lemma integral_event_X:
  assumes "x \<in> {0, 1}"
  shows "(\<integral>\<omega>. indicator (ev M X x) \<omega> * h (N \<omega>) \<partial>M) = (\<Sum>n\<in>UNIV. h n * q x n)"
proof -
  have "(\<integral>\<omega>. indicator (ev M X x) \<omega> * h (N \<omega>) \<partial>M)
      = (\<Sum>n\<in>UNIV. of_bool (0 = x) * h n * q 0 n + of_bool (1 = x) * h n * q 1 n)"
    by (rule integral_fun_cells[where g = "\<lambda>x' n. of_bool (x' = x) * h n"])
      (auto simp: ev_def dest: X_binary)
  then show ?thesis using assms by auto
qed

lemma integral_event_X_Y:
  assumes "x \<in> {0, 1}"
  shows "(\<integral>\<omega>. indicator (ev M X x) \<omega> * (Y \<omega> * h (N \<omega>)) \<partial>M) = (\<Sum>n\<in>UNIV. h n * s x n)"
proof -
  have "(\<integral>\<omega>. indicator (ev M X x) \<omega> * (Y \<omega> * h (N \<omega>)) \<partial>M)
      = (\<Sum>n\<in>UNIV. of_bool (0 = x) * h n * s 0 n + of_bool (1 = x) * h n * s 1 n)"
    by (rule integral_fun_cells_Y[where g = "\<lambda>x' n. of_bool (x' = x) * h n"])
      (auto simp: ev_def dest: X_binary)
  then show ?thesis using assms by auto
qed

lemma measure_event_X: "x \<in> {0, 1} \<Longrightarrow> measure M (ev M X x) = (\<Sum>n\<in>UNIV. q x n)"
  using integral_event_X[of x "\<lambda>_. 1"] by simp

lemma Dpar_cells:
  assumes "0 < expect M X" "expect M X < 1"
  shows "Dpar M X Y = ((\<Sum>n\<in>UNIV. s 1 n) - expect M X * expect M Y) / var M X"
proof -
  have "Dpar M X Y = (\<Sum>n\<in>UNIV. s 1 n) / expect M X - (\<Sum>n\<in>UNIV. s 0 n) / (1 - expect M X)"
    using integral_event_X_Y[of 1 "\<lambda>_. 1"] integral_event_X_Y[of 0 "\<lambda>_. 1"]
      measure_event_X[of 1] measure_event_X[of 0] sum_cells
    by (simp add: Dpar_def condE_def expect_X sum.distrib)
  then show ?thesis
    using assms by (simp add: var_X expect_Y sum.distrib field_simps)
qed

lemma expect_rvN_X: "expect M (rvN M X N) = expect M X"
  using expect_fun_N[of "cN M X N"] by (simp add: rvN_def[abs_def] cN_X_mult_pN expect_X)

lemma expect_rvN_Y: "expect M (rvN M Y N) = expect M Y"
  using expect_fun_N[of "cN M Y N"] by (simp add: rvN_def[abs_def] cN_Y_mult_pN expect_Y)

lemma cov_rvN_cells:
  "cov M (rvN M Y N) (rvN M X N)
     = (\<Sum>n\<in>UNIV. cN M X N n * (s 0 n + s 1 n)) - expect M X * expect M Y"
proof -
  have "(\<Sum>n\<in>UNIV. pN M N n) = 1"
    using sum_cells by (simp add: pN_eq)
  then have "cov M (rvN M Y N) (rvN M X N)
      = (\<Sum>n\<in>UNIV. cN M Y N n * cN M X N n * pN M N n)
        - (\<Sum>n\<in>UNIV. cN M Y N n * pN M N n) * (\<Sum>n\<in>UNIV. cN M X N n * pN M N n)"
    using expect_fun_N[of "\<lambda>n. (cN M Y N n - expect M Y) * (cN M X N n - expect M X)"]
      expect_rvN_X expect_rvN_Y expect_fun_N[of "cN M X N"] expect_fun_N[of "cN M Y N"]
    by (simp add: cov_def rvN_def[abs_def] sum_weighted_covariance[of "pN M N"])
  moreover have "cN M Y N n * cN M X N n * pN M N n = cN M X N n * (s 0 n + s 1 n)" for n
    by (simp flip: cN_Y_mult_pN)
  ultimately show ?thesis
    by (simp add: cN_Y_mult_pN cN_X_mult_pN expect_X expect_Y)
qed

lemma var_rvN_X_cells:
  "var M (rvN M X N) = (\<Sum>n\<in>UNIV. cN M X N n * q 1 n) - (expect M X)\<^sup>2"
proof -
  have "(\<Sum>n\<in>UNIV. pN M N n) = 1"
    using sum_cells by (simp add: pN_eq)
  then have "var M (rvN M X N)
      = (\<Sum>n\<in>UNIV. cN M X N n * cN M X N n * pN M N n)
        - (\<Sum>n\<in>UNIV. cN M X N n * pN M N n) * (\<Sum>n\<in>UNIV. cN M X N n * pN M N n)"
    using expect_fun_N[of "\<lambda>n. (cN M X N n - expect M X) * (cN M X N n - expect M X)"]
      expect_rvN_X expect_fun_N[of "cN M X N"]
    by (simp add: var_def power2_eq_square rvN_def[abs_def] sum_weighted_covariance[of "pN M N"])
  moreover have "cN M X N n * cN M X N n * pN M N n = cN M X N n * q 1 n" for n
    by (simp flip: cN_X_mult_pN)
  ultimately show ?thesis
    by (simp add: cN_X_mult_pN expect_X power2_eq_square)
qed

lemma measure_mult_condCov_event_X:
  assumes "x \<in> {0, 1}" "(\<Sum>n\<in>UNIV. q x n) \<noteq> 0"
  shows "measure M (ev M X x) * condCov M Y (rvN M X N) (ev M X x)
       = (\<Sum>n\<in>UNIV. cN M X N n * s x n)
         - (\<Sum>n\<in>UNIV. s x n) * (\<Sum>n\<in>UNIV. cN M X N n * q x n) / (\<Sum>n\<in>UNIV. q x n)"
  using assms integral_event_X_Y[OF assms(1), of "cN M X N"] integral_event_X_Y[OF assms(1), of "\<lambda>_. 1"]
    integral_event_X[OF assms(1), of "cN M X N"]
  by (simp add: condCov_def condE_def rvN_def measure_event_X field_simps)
※
*YOUR GOAL:* Each line from the start of the listing through the line with "X N) = expect" is to be restated verbatim, both ends included.

*EXERCISE RESPONSE:*
lemma integral_event_X:
  assumes "x \<in> {0, 1}"
  shows "(\<integral>\<omega>. indicator (ev M X x) \<omega> * h (N \<omega>) \<partial>M) = (\<Sum>n\<in>UNIV. h n * q x n)"
proof -
  have "(\<integral>\<omega>. indicator (ev M X x) \<omega> * h (N \<omega>) \<partial>M)
      = (\<Sum>n\<in>UNIV. of_bool (0 = x) * h n * q 0 n + of_bool (1 = x) * h n * q 1 n)"
    by (rule integral_fun_cells[where g = "\<lambda>x' n. of_bool (x' = x) * h n"])
      (auto simp: ev_def dest: X_binary)
  then show ?thesis using assms by auto
qed

lemma integral_event_X_Y:
  assumes "x \<in> {0, 1}"
  shows "(\<integral>\<omega>. indicator (ev M X x) \<omega> * (Y \<omega> * h (N \<omega>)) \<partial>M) = (\<Sum>n\<in>UNIV. h n * s x n)"
proof -
  have "(\<integral>\<omega>. indicator (ev M X x) \<omega> * (Y \<omega> * h (N \<omega>)) \<partial>M)
      = (\<Sum>n\<in>UNIV. of_bool (0 = x) * h n * s 0 n + of_bool (1 = x) * h n * s 1 n)"
    by (rule integral_fun_cells_Y[where g = "\<lambda>x' n. of_bool (x' = x) * h n"])
      (auto simp: ev_def dest: X_binary)
  then show ?thesis using assms by auto
qed

lemma measure_event_X: "x \<in> {0, 1} \<Longrightarrow> measure M (ev M X x) = (\<Sum>n\<in>UNIV. q x n)"
  using integral_event_X[of x "\<lambda>_. 1"] by simp

lemma Dpar_cells:
  assumes "0 < expect M X" "expect M X < 1"
  shows "Dpar M X Y = ((\<Sum>n\<in>UNIV. s 1 n) - expect M X * expect M Y) / var M X"
proof -
  have "Dpar M X Y = (\<Sum>n\<in>UNIV. s 1 n) / expect M X - (\<Sum>n\<in>UNIV. s 0 n) / (1 - expect M X)"
    using integral_event_X_Y[of 1 "\<lambda>_. 1"] integral_event_X_Y[of 0 "\<lambda>_. 1"]
      measure_event_X[of 1] measure_event_X[of 0] sum_cells
    by (simp add: Dpar_def condE_def expect_X sum.distrib)
  then show ?thesis
    using assms by (simp add: var_X expect_Y sum.distrib field_simps)
qed

lemma expect_rvN_X: "expect M (rvN M X N) = expect M X"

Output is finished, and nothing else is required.